===== The records

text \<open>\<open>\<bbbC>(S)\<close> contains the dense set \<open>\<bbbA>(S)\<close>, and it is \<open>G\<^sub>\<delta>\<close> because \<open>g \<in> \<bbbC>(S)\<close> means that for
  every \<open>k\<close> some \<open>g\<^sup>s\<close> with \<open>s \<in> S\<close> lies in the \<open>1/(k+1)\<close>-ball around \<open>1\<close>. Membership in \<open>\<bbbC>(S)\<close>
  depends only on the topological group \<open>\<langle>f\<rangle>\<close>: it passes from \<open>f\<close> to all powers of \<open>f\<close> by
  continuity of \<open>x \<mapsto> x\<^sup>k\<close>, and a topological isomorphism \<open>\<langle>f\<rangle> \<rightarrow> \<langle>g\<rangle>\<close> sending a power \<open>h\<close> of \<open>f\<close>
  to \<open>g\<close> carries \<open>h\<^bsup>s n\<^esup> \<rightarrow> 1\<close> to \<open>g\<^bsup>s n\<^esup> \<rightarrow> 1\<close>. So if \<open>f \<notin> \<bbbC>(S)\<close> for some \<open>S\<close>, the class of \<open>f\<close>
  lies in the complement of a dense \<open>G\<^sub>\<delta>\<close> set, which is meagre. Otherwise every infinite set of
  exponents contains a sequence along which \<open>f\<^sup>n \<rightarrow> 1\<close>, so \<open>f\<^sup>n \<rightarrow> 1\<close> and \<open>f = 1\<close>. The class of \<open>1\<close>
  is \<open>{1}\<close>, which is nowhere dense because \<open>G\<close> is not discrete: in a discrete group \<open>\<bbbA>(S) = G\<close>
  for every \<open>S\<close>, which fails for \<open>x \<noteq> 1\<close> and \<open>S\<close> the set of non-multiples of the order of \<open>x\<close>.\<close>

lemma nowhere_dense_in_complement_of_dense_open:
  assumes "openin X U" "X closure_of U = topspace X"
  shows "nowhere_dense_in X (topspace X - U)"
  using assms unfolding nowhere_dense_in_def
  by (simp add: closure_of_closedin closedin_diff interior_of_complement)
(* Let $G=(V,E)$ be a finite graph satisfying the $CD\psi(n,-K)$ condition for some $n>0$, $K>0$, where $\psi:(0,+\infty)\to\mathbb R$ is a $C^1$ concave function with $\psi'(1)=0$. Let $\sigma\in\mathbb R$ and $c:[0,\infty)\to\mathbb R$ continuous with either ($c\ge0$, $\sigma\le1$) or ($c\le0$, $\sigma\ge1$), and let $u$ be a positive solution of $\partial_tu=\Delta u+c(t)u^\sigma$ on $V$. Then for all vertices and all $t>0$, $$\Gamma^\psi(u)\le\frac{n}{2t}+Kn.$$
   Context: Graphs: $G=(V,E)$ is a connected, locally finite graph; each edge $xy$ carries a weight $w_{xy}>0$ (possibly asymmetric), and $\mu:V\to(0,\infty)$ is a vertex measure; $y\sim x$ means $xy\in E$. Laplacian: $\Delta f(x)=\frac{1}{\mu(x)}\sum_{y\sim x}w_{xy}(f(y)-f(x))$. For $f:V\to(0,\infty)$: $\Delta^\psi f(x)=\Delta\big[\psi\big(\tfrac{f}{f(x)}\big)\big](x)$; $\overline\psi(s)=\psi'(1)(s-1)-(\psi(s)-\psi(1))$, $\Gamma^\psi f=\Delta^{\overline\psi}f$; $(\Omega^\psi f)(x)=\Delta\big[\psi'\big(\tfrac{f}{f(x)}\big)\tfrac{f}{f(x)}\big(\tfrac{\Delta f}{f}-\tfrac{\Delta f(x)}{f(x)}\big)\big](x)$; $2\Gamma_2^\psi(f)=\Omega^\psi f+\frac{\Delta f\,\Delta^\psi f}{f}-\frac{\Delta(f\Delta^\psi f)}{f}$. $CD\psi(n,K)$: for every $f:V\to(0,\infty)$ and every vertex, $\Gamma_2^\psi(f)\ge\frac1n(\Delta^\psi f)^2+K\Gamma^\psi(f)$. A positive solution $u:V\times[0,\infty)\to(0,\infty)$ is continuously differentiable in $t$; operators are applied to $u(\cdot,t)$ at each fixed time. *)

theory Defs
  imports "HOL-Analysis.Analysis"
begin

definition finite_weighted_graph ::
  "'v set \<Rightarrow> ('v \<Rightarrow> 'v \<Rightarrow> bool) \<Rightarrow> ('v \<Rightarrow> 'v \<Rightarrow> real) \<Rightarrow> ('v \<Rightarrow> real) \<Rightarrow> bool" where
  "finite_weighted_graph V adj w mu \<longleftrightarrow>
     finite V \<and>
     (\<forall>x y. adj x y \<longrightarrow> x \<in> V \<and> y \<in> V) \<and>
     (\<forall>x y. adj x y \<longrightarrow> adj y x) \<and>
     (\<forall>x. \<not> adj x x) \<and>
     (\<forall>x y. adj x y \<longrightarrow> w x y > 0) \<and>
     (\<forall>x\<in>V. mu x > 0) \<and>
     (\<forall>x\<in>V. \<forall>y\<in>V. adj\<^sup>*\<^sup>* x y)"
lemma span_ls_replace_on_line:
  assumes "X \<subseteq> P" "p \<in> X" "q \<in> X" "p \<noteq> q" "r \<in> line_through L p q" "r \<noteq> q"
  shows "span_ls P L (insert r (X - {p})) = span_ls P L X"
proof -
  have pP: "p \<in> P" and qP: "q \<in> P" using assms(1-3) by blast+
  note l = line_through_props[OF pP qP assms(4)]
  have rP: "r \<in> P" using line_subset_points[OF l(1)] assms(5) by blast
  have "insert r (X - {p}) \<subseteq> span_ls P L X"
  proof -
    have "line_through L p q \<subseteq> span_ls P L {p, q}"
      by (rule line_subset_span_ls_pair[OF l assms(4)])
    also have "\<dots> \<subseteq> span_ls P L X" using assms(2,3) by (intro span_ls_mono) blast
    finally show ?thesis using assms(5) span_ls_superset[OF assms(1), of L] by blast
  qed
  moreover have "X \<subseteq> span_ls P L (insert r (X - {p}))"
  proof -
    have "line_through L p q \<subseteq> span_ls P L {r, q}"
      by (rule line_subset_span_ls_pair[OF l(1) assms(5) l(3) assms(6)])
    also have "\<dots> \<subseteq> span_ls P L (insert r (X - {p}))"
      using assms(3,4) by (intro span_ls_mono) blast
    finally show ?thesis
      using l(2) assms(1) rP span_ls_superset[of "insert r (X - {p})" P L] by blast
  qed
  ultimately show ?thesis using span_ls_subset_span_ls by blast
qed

==========

### Activity
What are the lines, exactly as written above, from the line with "lies in the complement" to the line with "(* Let $G=(V,E)$", both included? Output only those.

### Output for this task
  lies in the complement of a dense \<open>G\<^sub>\<delta>\<close> set, which is meagre. Otherwise every infinite set of
  exponents contains a sequence along which \<open>f\<^sup>n \<rightarrow> 1\<close>, so \<open>f\<^sup>n \<rightarrow> 1\<close> and \<open>f = 1\<close>. The class of \<open>1\<close>
  is \<open>{1}\<close>, which is nowhere dense because \<open>G\<close> is not discrete: in a discrete group \<open>\<bbbA>(S) = G\<close>
  for every \<open>S\<close>, which fails for \<open>x \<noteq> 1\<close> and \<open>S\<close> the set of non-multiples of the order of \<open>x\<close>.\<close>

lemma nowhere_dense_in_complement_of_dense_open:
  assumes "openin X U" "X closure_of U = topspace X"
  shows "nowhere_dense_in X (topspace X - U)"
  using assms unfolding nowhere_dense_in_def
  by (simp add: closure_of_closedin closedin_diff interior_of_complement)
(* Let $G=(V,E)$ be a finite graph satisfying the $CD\psi(n,-K)$ condition for some $n>0$, $K>0$, where $\psi:(0,+\infty)\to\mathbb R$ is a $C^1$ concave function with $\psi'(1)=0$. Let $\sigma\in\mathbb R$ and $c:[0,\infty)\to\mathbb R$ continuous with either ($c\ge0$, $\sigma\le1$) or ($c\le0$, $\sigma\ge1$), and let $u$ be a positive solution of $\partial_tu=\Delta u+c(t)u^\sigma$ on $V$. Then for all vertices and all $t>0$, $$\Gamma^\psi(u)\le\frac{n}{2t}+Kn.$$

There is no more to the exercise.